A pesar de esto, sin embargo, creemos que a la Iglesia le ha sido concedido por Jesús el don de la perennidad: “Estaré con vosotros todos los días, hasta el fin de los tiempos”, “sobre esta piedra edificaré mi Iglesia y las puertas del infierno no prevalecerán sobre ella”. No así a cada una de sus instituciones o de sus grupos carismáticos. Y esto es bueno. La Iglesia necesita renovación, procesos de vida y muerte, como ocurre en la naturaleza. No debería, pues, extrañarnos, que hablemos con normalidad de los ciclos vitales de las congregaciones u órdenes religiosas.
Al contemplar el panorama que ofrece en la actualidad, a comienzos del siglo XXI, los institutos de vida consagrada o religiosa descubrimos que:
Algunos institutos mantienen una sorprendente vitalidad. Saben adaptar o recrear su visión carismática a cada uno los ciclos históricos de nuestras sociedades, a cada una de las culturas con las que entran en simbiosis. Ejercen también un atractivo sobre las nuevas generaciones que, se sienten interpeladas y llamadas por Dios a adherirse a ellos. Llama la atención cómo entre estas órdenes o congregaciones hay algunas que se originaron incluso en el primero milenio (orden benedictina) y otras son más que centenarias –instituidas o fundadas a lo largo de todo el segundo milenio–.
Otros institutos –y no son pocos– se encuentran en una fase de progresivo debilita-miento y desadaptación; apenas ejercen atractivo en las nuevas generaciones; la misión que realizan no tiene el sello de la creatividad, de la propuesta nueva y necesaria; resultan repetitivos, intrascendentes.
También hay institutos que nacen –especialmente en iglesias jóvenes– que no ofrecen especiales aportaciones nuevas, sino que repiten modelos inveterados y su aparente florecimiento se estanca posteriormente, ahogados, por las contradicciones de un modelo que con apariencia de nuevo resulta obsoleto.

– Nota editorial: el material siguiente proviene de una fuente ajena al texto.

(* Let $\underline{c}=\{c_n,n\ge1\}$ be positive reals with $c_n\to c\ge1$. Let $\{\varphi_n,n\ge1\}$ be a sequence of real numbers which is $\underline{c}$-subadditive, i.e. $$\varphi_{n_1+\dots+n_k}\le c_{n_1+\dots+n_k}(\varphi_{n_1}+\dots+\varphi_{n_k})$$ for all positive integers $n_1,\dots,n_k$ and all $k\ge1$. Then $$\inf_{n\ge1}\frac{\varphi_n}{n}\le\liminf_{n\to\infty}\frac{\varphi_n}{n}\le\limsup_{n\to\infty}\frac{\varphi_n}{n}\le c^2\inf_{n\ge1}\frac{\varphi_n}{n}.$$ *)

theory Defs
  imports "HOL-Analysis.Analysis"
begin

end

theory Submission
  imports Defs
begin

(* Fix a block length m >= 1 and write n = (n div m) * m + (n mod m).  Splitting n into
   n div m blocks of length m plus a remainder block, c-subadditivity gives
     phi n / n  <=  c n * ((n div m) * phi m + phi (n mod m)) / n,
   and the right-hand side tends to c * phi m / m, because (n div m) / n -> 1/m and the
   remainder term is bounded.  Hence  limsup phi n / n <= c * phi m / m  for every m.
   If phi m >= 0 this is at most c^2 * phi m / m since c >= 1.  If phi m < 0, then every
   phi (k m) is negative, and the one-block instance phi n <= c n * phi n forces
   c (k m) <= 1, so c = 1 and the two bounds agree.  Taking the infimum over m gives the
   upper bound; the two lower inequalities are general facts about liminf and limsup. *)

definition c_subadditive :: "(nat \<Rightarrow> real) \<Rightarrow> (nat \<Rightarrow> real) \<Rightarrow> bool" where
  "c_subadditive c \<phi> \<longleftrightarrow>
     (\<forall>ns. ns \<noteq> [] \<longrightarrow> (\<forall>n\<in>set ns. n \<ge> 1) \<longrightarrow>
        \<phi> (sum_list ns) \<le> c (sum_list ns) * sum_list (map \<phi> ns))"

lemma c_subadditiveD:
  assumes "c_subadditive c \<phi>" "ns \<noteq> []" "\<forall>n\<in>set ns. n \<ge> 1"
  shows "\<phi> (sum_list ns) \<le> c (sum_list ns) * sum_list (map \<phi> ns)"
  using assms unfolding c_subadditive_def by blast

lemma bounded_over_n_tendsto_0:
  fixes b :: "nat \<Rightarrow> real"
  assumes bound: "\<And>n. \<bar>b n\<bar> \<le> M"
  shows "(\<lambda>n. b n / real n) \<longlonglongrightarrow> 0"
proof (rule Lim_null_comparison[where g = "\<lambda>n. M / real n"])
  show "\<forall>\<^sub>F n in sequentially. norm (b n / real n) \<le> M / real n"
    using bound by (intro always_eventually allI) (simp add: abs_divide divide_right_mono)
  show "(\<lambda>n. M / real n) \<longlonglongrightarrow> 0"
    by (rule lim_const_over_n)
qed

lemma div_over_n_tendsto:
  assumes m: "m \<ge> 1"
  shows "(\<lambda>n. real (n div m) / real n) \<longlonglongrightarrow> 1 / real m"
proof -
  have split: "real (n div m) / real n = 1 / real m - (real (n mod m) / real m) / real n"
    if "n \<ge> 1" for n
  proof -
    have "real n = real (n div m) * real m + real (n mod m)"
      by (metis div_mult_mod_eq of_nat_add of_nat_mult)
    then have "real (n div m) = (real n - real (n mod m)) / real m"
      using m by (simp add: field_simps)
    then show ?thesis
      using m that by (simp add: field_simps)
  qed
  have "(\<lambda>n. (real (n mod m) / real m) / real n) \<longlonglongrightarrow> 0"
    by (rule bounded_over_n_tendsto_0[where M = 1]) (use m in simp)
  then have "(\<lambda>n. 1 / real m - (real (n mod m) / real m) / real n) \<longlonglongrightarrow> 1 / real m"
    using tendsto_diff[OF tendsto_const] by fastforce
  moreover have "\<forall>\<^sub>F n in sequentially.
      1 / real m - (real (n mod m) / real m) / real n = real (n div m) / real n"
    unfolding eventually_sequentially using split by (intro exI[of _ 1]) auto
  ultimately show ?thesis by (rule Lim_transform_eventually)
qed

lemma c_subadditive_block_bound:
  assumes sub: "c_subadditive c \<phi>" and m: "m \<ge> 1" and n: "n \<ge> 1"
  shows "\<phi> n \<le> c n * (real (n div m) * \<phi> m + (if n mod m = 0 then 0 else \<phi> (n mod m)))"
proof -
  define ns where "ns = replicate (n div m) m @ (if n mod m = 0 then [] else [n mod m])"
  have sum: "sum_list ns = n"
    unfolding ns_def using div_mult_mod_eq[of n m]
    by (cases "n mod m = 0") (simp_all add: sum_list_replicate)
  with n have "ns \<noteq> []" by auto
  moreover have "\<forall>k\<in>set ns. k \<ge> 1"
    unfolding ns_def using m by auto
  ultimately have "\<phi> (sum_list ns) \<le> c (sum_list ns) * sum_list (map \<phi> ns)"
    by (rule c_subadditiveD[OF sub])
  then show ?thesis
    unfolding sum by (cases "n mod m = 0") (simp_all add: ns_def sum_list_replicate)
qed

lemma c_subadditive_limsup_le:
  assumes sub: "c_subadditive c \<phi>" and c_lim: "c \<longlonglongrightarrow> c0" and m: "m \<ge> 1"
  shows "limsup (\<lambda>n. ereal (\<phi> n / real n)) \<le> ereal (c0 * (\<phi> m / real m))"
proof -
  define r where "r n = (if n mod m = 0 then 0 else \<phi> (n mod m))" for n
  define g where "g n = c n * (\<phi> m * (real (n div m) / real n) + r n / real n)" for n
  have bound: "\<phi> n / real n \<le> g n" if "n \<ge> 1" for n
    using c_subadditive_block_bound[OF sub m that] that
    by (simp add: g_def r_def divide_right_mono field_simps)
  have "\<bar>r n\<bar> \<le> (\<Sum>k<m. \<bar>\<phi> k\<bar>)" for n
  proof -
    have "\<bar>\<phi> (n mod m)\<bar> \<le> (\<Sum>k<m. \<bar>\<phi> k\<bar>)"
      using m by (intro member_le_sum) auto
    moreover have "(\<Sum>k<m. \<bar>\<phi> k\<bar>) \<ge> 0" by (intro sum_nonneg) auto
    ultimately show ?thesis unfolding r_def by auto
  qed
  then have "(\<lambda>n. r n / real n) \<longlonglongrightarrow> 0"
    by (rule bounded_over_n_tendsto_0)
  then have "g \<longlonglongrightarrow> c0 * (\<phi> m * (1 / real m) + 0)"
    unfolding g_def by (intro tendsto_intros c_lim div_over_n_tendsto m)
  then have g_lim: "(\<lambda>n. ereal (g n)) \<longlonglongrightarrow> ereal (c0 * (\<phi> m / real m))"
    by (simp add: tendsto_ereal)
  have "limsup (\<lambda>n. ereal (\<phi> n / real n)) \<le> limsup (\<lambda>n. ereal (g n))"
    by (rule Limsup_mono) (use bound in \<open>auto simp: eventually_sequentially\<close>)
  also have "\<dots> = ereal (c0 * (\<phi> m / real m))"
    by (rule lim_imp_Limsup[OF _ g_lim]) simp
  finally show ?thesis .
qed

lemma c_subadditive_negative_multiples:
  assumes sub: "c_subadditive c \<phi>" and c_pos: "\<And>n. n \<ge> 1 \<Longrightarrow> c n > 0"
    and m: "m \<ge> 1" and neg: "\<phi> m < 0" and k: "k \<ge> 1"
  shows "\<phi> (k * m) < 0"
proof -
  have "\<phi> (sum_list (replicate k m)) \<le> c (sum_list (replicate k m)) * sum_list (map \<phi> (replicate k m))"
    by (rule c_subadditiveD[OF sub]) (use k m in auto)
  then have "\<phi> (k * m) \<le> c (k * m) * (real k * \<phi> m)"
    by (simp add: sum_list_replicate)
  also have "\<dots> < 0"
    using c_pos[of "k * m"] k m neg by (simp add: mult_pos_neg)
  finally show ?thesis .
qed

text \<open>The one-block instance phi n <= c n * phi n forces c n <= 1 wherever phi n < 0.\<close>

lemma c_subadditive_negative_imp_c_le_1:
  assumes sub: "c_subadditive c \<phi>" and n: "n \<ge> 1" and neg: "\<phi> n < 0"
  shows "c n \<le> 1"
proof -
  have "\<phi> (sum_list [n]) \<le> c (sum_list [n]) * sum_list (map \<phi> [n])"
    by (rule c_subadditiveD[OF sub]) (use n in auto)
  then have "1 * \<phi> n \<le> c n * \<phi> n" by simp
  with neg show ?thesis by (simp add: mult_le_cancel_right)
qed

lemma c_subadditive_negative_imp_limit_le_1:
  assumes sub: "c_subadditive c \<phi>" and c_pos: "\<And>n. n \<ge> 1 \<Longrightarrow> c n > 0"
    and c_lim: "c \<longlonglongrightarrow> c0" and m: "m \<ge> 1" and neg: "\<phi> m < 0"
  shows "c0 \<le> 1"
proof -
  have "strict_mono (\<lambda>k. Suc k * m)"
    using m by (auto simp: strict_mono_Suc_iff)
  then have "(\<lambda>k. c (Suc k * m)) \<longlonglongrightarrow> c0"
    using LIMSEQ_subseq_LIMSEQ[OF c_lim] by (simp add: o_def)
  moreover have "c (Suc k * m) \<le> 1" for k
    using c_subadditive_negative_multiples[OF sub c_pos m neg, of "Suc k"] m
    by (intro c_subadditive_negative_imp_c_le_1[OF sub]) auto
  ultimately show ?thesis
    using LIMSEQ_le_const2 by blast
qed

lemma c_subadditive_limsup_le_sq:
  assumes sub: "c_subadditive c \<phi>" and c_pos: "\<And>n. n \<ge> 1 \<Longrightarrow> c n > 0"
    and c_lim: "c \<longlonglongrightarrow> c0" and c0_ge: "c0 \<ge> 1" and m: "m \<ge> 1"
  shows "limsup (\<lambda>n. ereal (\<phi> n / real n)) \<le> ereal (c0\<^sup>2) * ereal (\<phi> m / real m)"
proof -
  have "c0 * (\<phi> m / real m) \<le> c0\<^sup>2 * (\<phi> m / real m)"
  proof (cases "\<phi> m \<ge> 0")
    case True
    with c0_ge m show ?thesis
      by (intro mult_right_mono) (auto simp: power2_eq_square)
  next
    case False
    with c_subadditive_negative_imp_limit_le_1[OF sub c_pos c_lim m] c0_ge
    have "c0 = 1" by simp
    then show ?thesis by simp
  qed
  with c_subadditive_limsup_le[OF sub c_lim m] show ?thesis
    by (simp add: order_trans)
qed

lemma ereal_mult_INF:
  assumes "k > (0::real)"
  shows "ereal k * (INF x\<in>A. f x) = (INF x\<in>A. ereal k * f x)"
  using ereal_Inf_cmult[OF assms, of "\<lambda>y. y \<in> f ` A"]
  by (simp add: setcompr_eq_image image_image)

theorem mainTheorem7:
  fixes c :: "nat \<Rightarrow> real" and c0 :: real and \<phi> :: "nat \<Rightarrow> real"
  assumes c_pos: "\<And>n. n \<ge> 1 \<Longrightarrow> c n > 0"
    and c_lim: "c \<longlonglongrightarrow> c0"
    and c0_ge: "c0 \<ge> 1"
    and subadd: "\<And>ns. ns \<noteq> [] \<Longrightarrow> (\<forall>n\<in>set ns. n \<ge> 1) \<Longrightarrow>
                   \<phi> (sum_list ns) \<le> c (sum_list ns) * sum_list (map \<phi> ns)"
  shows "(INF n\<in>{1..}. ereal (\<phi> n / real n)) \<le> liminf (\<lambda>n. ereal (\<phi> n / real n)) \<and>
         liminf (\<lambda>n. ereal (\<phi> n / real n)) \<le> limsup (\<lambda>n. ereal (\<phi> n / real n)) \<and>
         limsup (\<lambda>n. ereal (\<phi> n / real n)) \<le> ereal (c0\<^sup>2) * (INF n\<in>{1..}. ereal (\<phi> n / real n))"
proof (intro conjI)
  let ?f = "\<lambda>n. ereal (\<phi> n / real n)"
  have sub: "c_subadditive c \<phi>"
    unfolding c_subadditive_def using subadd by blast
  show "(INF n\<in>{1..}. ?f n) \<le> liminf ?f"
    unfolding liminf_SUP_INF by (rule SUP_upper2[of 1]) auto
  show "liminf ?f \<le> limsup ?f"
    by (rule Liminf_le_Limsup) simp
  have c0_sq_pos: "c0\<^sup>2 > 0" using c0_ge by simp
  show "limsup ?f \<le> ereal (c0\<^sup>2) * (INF n\<in>{1..}. ?f n)"
    unfolding ereal_mult_INF[OF c0_sq_pos]
    by (rule INF_greatest) (use c_subadditive_limsup_le_sq[OF sub c_pos c_lim c0_ge] in auto)
qed

end
(* Averaging a tiling x over a Foelner set F gives tile frequencies
   p tau = |{f in F. x (inv f) = tau}| / |F|. The tile at inv f shows colour c on side g exactly
   when the tile at inv (inv g * f) shows c on side inv g. So counting the tiles with colour c on
   side g over F is counting the tiles with colour c on side inv g over (inv g) F, and the two
   frequencies differ by at most |(inv g) F symdiff F| / |F|. A limit point in the compact
   simplex of weights is exactly balanced, which is condition (star star)'.
   In Gamma_i balance says that for each colour the weight of tiles having it on side g_i equals
   the weight of tiles having it on side inv g_i, so the support of a nonzero balanced weight
   contains a simple cycle. Subtracting the minimal weight along it and inducting on the support
   writes the weight as a nonnegative combination of simple cycles of Gamma_i; since these
   decompositions all represent the same weight, they witness (star star). *)

section \<open>Cycle decomposition of balanced weights\<close>

lemma is_simple_cycle_walk_segment:
  assumes walk_in: "\<And>n. f n \<in> U" and walk_step: "\<And>n. E (f n) (f (Suc n))"
    and "i < j" and "f i = f j" and "inj_on f {i..<j}"
  shows "is_simple_cycle U E (map f [i..<j])"
  unfolding is_simple_cycle_def is_cycle_def
proof (intro conjI allI impI)
  have "last (map f [i..<j]) = f (j - 1)" and "hd (map f [i..<j]) = f j"
    using assms(3,4) by (simp_all add: last_map hd_map)
  moreover have "Suc (j - 1) = j" using assms(3) by simp
  ultimately show "E (last (map f [i..<j])) (hd (map f [i..<j]))"
    using walk_step[of "j - 1"] by simp
next
  fix k assume "Suc k < length (map f [i..<j])"
  then show "E (map f [i..<j] ! k) (map f [i..<j] ! Suc k)"
    using walk_step[of "i + k"] by simp
qed (use assms in \<open>auto simp: distinct_map\<close>)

Además de esto, hay que decir que si creemos en la cultura de la vida, la vida ha de ser protegida, defendida, cuidada desde el principio hasta el final. Esto vale también para los institutos religiosos. Hay que evitar abortos y eutanasias. Esa es la responsabilidad que cabe a nuestra generación. Los institutos de vida religiosa necesitan, por tanto, que la Iglesia defensora de la vida, defienda también su vida y no se muestre –como desgraciadamente acontece en algunas personas de nuestro tiempo– despreciativa e incluso pronostique demasiado precipitadamente –con un cierto sentimiento complaciente– su muerte.
Este es el contexto en el que quiero plantear este artículo: cómo cuidar la vida de las diversas formas de vida religiosa, cómo mantener lo más posible su biodiversidad y también mantenerlas en una vida digna el mayor tiempo de vida posible, saliendo al paso de cualquier ase-chanza contra ella. ¡Esa es nuestra responsabilidad ante el Dios de la vida!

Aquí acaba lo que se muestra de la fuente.